I’m calling for a fundamental shift in the mentality of our gay men’s sex-based culture. I’m calling for a hybrid mentality of still revering condoms first and foremost as a necessity for playtime in conjunction with regular testing and even more frequent communication. We must not be afraid to be HIV-negative and wear it proudly. We must not be afraid to be HIV-positive and wear it proudly. By wearing our statuses on our sleeves, and truly owning our sex and sexuality, only then can we make better choices to protect ourselves against the spread of HIV. I feel we are on the cusp of losing the battle with HIV. When my sex club cohort made the comment that barebacking was what the space was about, I shuddered.
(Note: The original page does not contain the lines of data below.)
lemma st_coupling_back:
  assumes coupled: "((M, U), (M', U')) \<in> st_coupling N N'" and step: "st_step N' (M', U') al m2"
  shows "\<exists>m1d m1. (\<lambda>m m'. st_step N m Tau m')\<^sup>*\<^sup>* (M, U) m1d \<and> st_step N m1d al m1 \<and>
                  (m1d, (M', U')) \<in> st_coupling N N' \<and> (m1, m2) \<in> st_coupling N N'"
proof (cases al)
  case (Start a)
  then obtain t' where t': "t' \<in> trans N'" "lab N' t' = Some a" "pre N' t' \<le> M'"
    and m2: "m2 = ((\<lambda>s. M' s - pre N' t' s), U' @ [t'])"
    using step by (auto simp: st_step_def)
  \<comment> \<open>\<open>N\<close> may first have to perform silent steps; they terminate because no coupled marking diverges\<close>
  obtain Mk where Mk: "(\<lambda>m m'. st_step N m Tau m')\<^sup>*\<^sup>* (M, U) (Mk, U)"
      "((Mk, U), (M', U')) \<in> st_coupling N N'" "enabled_lab N Mk (Some a)"
    using st_coupling_wait[OF coupled] t' unfolding enabled_lab_def by blast
  then obtain t where t: "t \<in> trans N" "lab N t = Some a" "pre N t \<le> Mk"
    unfolding enabled_lab_def by blast
  have "st_step N (Mk, U) al ((\<lambda>s. Mk s - pre N t s), U @ [t])"
    using t Start by (auto simp: st_step_def)
  then show ?thesis
    using st_coupling_start[OF Mk(2) t(1,3) t'(1,3)] Mk(1,2) t(2) t'(2) m2 by auto
next
  case (Fin a n)
  then obtain k where k: "n = Suc k" "k < length U'" "lab N' (U' ! k) = Some a"
    and m2: "m2 = ((\<lambda>s. M' s + post N' (U' ! k) s), take k U' @ drop (Suc k) U')"
    using step by (cases n) (auto simp: st_step_def)
  have "k < length U" "lab N (U ! k) = Some a"
    using st_coupling_labels[OF coupled] k by (metis length_map, metis length_map nth_map)
  then have "st_step N (M, U) al ((\<lambda>s. M s + post N (U ! k) s), take k U @ drop (Suc k) U)"
    using k(1) Fin by (simp add: st_step_def)
  then show ?thesis
    using st_coupling_finish[OF wf wf' plain' visible_effects coupled \<open>k < length U\<close>] coupled m2
    by blast
next
  case Tau
  then show ?thesis
    using step plain_no_tau_step[OF plain'] by (simp add: st_step_def)
qed

lemma bb_half_st_coupling: "bb_half (st_step N) (st_step N') Tau (st_coupling N N')"
  unfolding bb_half_def
proof (intro conjI allI impI)
  fix m1 m2 al m1'
  assume step: "(m1, m2) \<in> st_coupling N N' \<and> st_step N m1 al m1'"
  then show "\<exists>m2d m2'. (\<lambda>x y. st_step N' x Tau y)\<^sup>*\<^sup>* m2 m2d \<and>
               (st_step N' m2d al m2' \<or> al = Tau \<and> m2' = m2d) \<and>
               (m1, m2d) \<in> st_coupling N N' \<and> (m1', m2') \<in> st_coupling N N'"
  proof -
    obtain M U M' U' where m: "m1 = (M, U)" "m2 = (M', U')"
      by fastforce
    then show ?thesis
      using st_coupling_forth[of M U M' U' al m1'] step by blast
  qed
next
  fix m1 m2 f
  assume "(m1, m2) \<in> st_coupling N N' \<and> f 0 = m1 \<and> (\<forall>i. st_step N (f i) Tau (f (Suc i))) \<and>
          (\<forall>i. (f i, m2) \<in> st_coupling N N')"
  then have "tau_divergent N (fst m1)" "\<not> tau_divergent N (fst m1)"
    using coupled_progress[of "fst m1" "snd m1" "fst m2" "snd m2"]
    by (auto simp: tau_divergent_def st_step_def intro!: exI[of _ "\<lambda>i. fst (f i)"])
  then show "\<exists>g. g 0 = m2 \<and> (\<forall>i. st_step N' (g i) Tau (g (Suc i))) \<and> (\<forall>i j. (f i, g j) \<in> st_coupling N N')"
    by contradiction
qed

lemma bb_half_st_coupling_converse: "bb_half (st_step N') (st_step N) Tau ((st_coupling N N')\<inverse>)"
  unfolding bb_half_def
proof (intro conjI allI impI)
  fix m2 m1 al m2'
  assume step: "(m2, m1) \<in> (st_coupling N N')\<inverse> \<and> st_step N' m2 al m2'"
  then show "\<exists>m1d m1'. (\<lambda>x y. st_step N x Tau y)\<^sup>*\<^sup>* m1 m1d \<and>
               (st_step N m1d al m1' \<or> al = Tau \<and> m1' = m1d) \<and>
               (m2, m1d) \<in> (st_coupling N N')\<inverse> \<and> (m2', m1') \<in> (st_coupling N N')\<inverse>"
  proof -
    obtain M U M' U' where m: "m1 = (M, U)" "m2 = (M', U')"
      by fastforce
    then show ?thesis
      using st_coupling_back[of M U M' U' al m2'] step by blast
  qed
next
  fix m2 m1 f
  assume "(m2, m1) \<in> (st_coupling N N')\<inverse> \<and> f 0 = m2 \<and> (\<forall>i. st_step N' (f i) Tau (f (Suc i))) \<and>
          (\<forall>i. (f i, m1) \<in> (st_coupling N N')\<inverse>)"
  then show "\<exists>g. g 0 = m1 \<and> (\<forall>i. st_step N (g i) Tau (g (Suc i))) \<and> (\<forall>i j. (f i, g j) \<in> (st_coupling N N')\<inverse>)"
    using plain_no_tau_step[OF plain'] by (simp add: st_step_def)
qed

theorem bSTb_div_coupled: "bSTb_div N N'"
  unfolding bSTb_div_def
  using st_coupling_subset st_coupling_init[OF wf wf'] bb_half_st_coupling bb_half_st_coupling_converse
  by blast

end

theorem lemma6p4:
  fixes N :: "('s, 't, 'a) pnet" and N' :: "('s, 'u, 'a) pnet"
  assumes wfN: "wf_net N" and wfN': "wf_net N'" and plainN': "plain N'"
    and sub: "places N' \<subseteq> places N"
    and initN': "\<forall>s. init N' s = (if s \<in> places N' then init N s else 0)"
    and cond1: "\<forall>t\<in>trans N. lab N t \<noteq> None \<longrightarrow>
       (\<exists>t'\<in>trans N'. lab N' t' = lab N t \<and>
          (\<exists>G :: 't \<Rightarrow> nat. fin_ms N G \<and> lab_empty N (\<lambda>x. int (G x)) \<and>
             (\<lambda>s. int (post N' t' s) - int (pre N' t' s)) =
             effZ N (\<lambda>x. int (G x) + (if x = t then 1 else 0))))"
    and cond2: "\<forall>(G :: 't \<Rightarrow> int) (M' :: 's \<Rightarrow> nat) (U' :: 'u \<Rightarrow> nat) (U :: 't \<Rightarrow> nat) (M :: 's \<Rightarrow> nat).
       fin_ms N G \<and> lab_empty N G \<and>
       (\<forall>s. s \<notin> places N' \<longrightarrow> M' s = 0) \<and> fin_ms N' U' \<and> fin_ms N U \<and>
       (\<forall>al. labcnt N' (\<lambda>x. int (U' x)) al = labcnt N (\<lambda>x. int (U x)) al) \<and>
       (\<lambda>s. M' s + preN N' U' s) \<in> reach N' \<and>
       (\<forall>s. int (M s) = int (M' s) + int (preN N' U' s) + (int (init N s) - int (init N' s))
                         + effZ N G s - int (preN N U s)) \<and>
       (\<lambda>s. M s + preN N U s) \<in> reach N
       \<longrightarrow>
       (\<not> (\<exists>f. f 0 = M \<and> (\<forall>i. tau_step N (f i) (f (Suc i))))) \<and>
       (\<forall>a. enabled_lab N' M' (Some a) \<longrightarrow> enabled_lab N M (Some a) \<or> enabled_lab N M None) \<and>
       (\<forall>a. enabled_lab N M (Some a) \<longrightarrow> enabled_lab N' M' (Some a))"
  shows "bSTb_div N N'"
proof -
  have visible: "visible_effects_matched N N'"
    using cond1 unfolding visible_effects_matched_def .
  have progress: "\<not> tau_divergent N M \<and> visible_enabling_matches N N' M M'"
    if coupled: "((M, U), (M', U')) \<in> st_coupling N N'" for M U M' U'
  proof -
    obtain G where "consistent_markings N N' G M (count_list U) M' (count_list U')"
      using st_coupling_consistent[OF coupled] .
    then show ?thesis
      using cond2[rule_format, of G M' "count_list U'" "count_list U" M]
      unfolding consistent_markings_def marking_balance_def tau_divergent_def
        visible_enabling_matches_def
      by blast
  qed
  interpret coupled_nets N N'
    using wfN wfN' plainN' visible progress by unfold_locales
  show ?thesis
    by (rule bSTb_div_coupled)
qed

end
Yes, I love barebacking as much as the next guy, but not at the sake of my own long term health. It does not have to be a given assumption that it will happen to you, or that it doesn’t matter if it does. One of the hardest things I do as an HIV-negative, empathetic sex educator is respecting and loving my HIV-positive family. Conversely I have to respect and love my HIV-negative family as well. They are two very different sides to the same coin. HIV-negative does not mean that one cannot embrace all aspects of sex and sexuality, from the mundane to the extreme. And being HIV-positive does not mean that you are broken in any way. With that being said, there should be no sides to the coin at all as it takes both parties f*cking with education to see a reduction in HIV transmission rates and a better, safer, more inclusive community.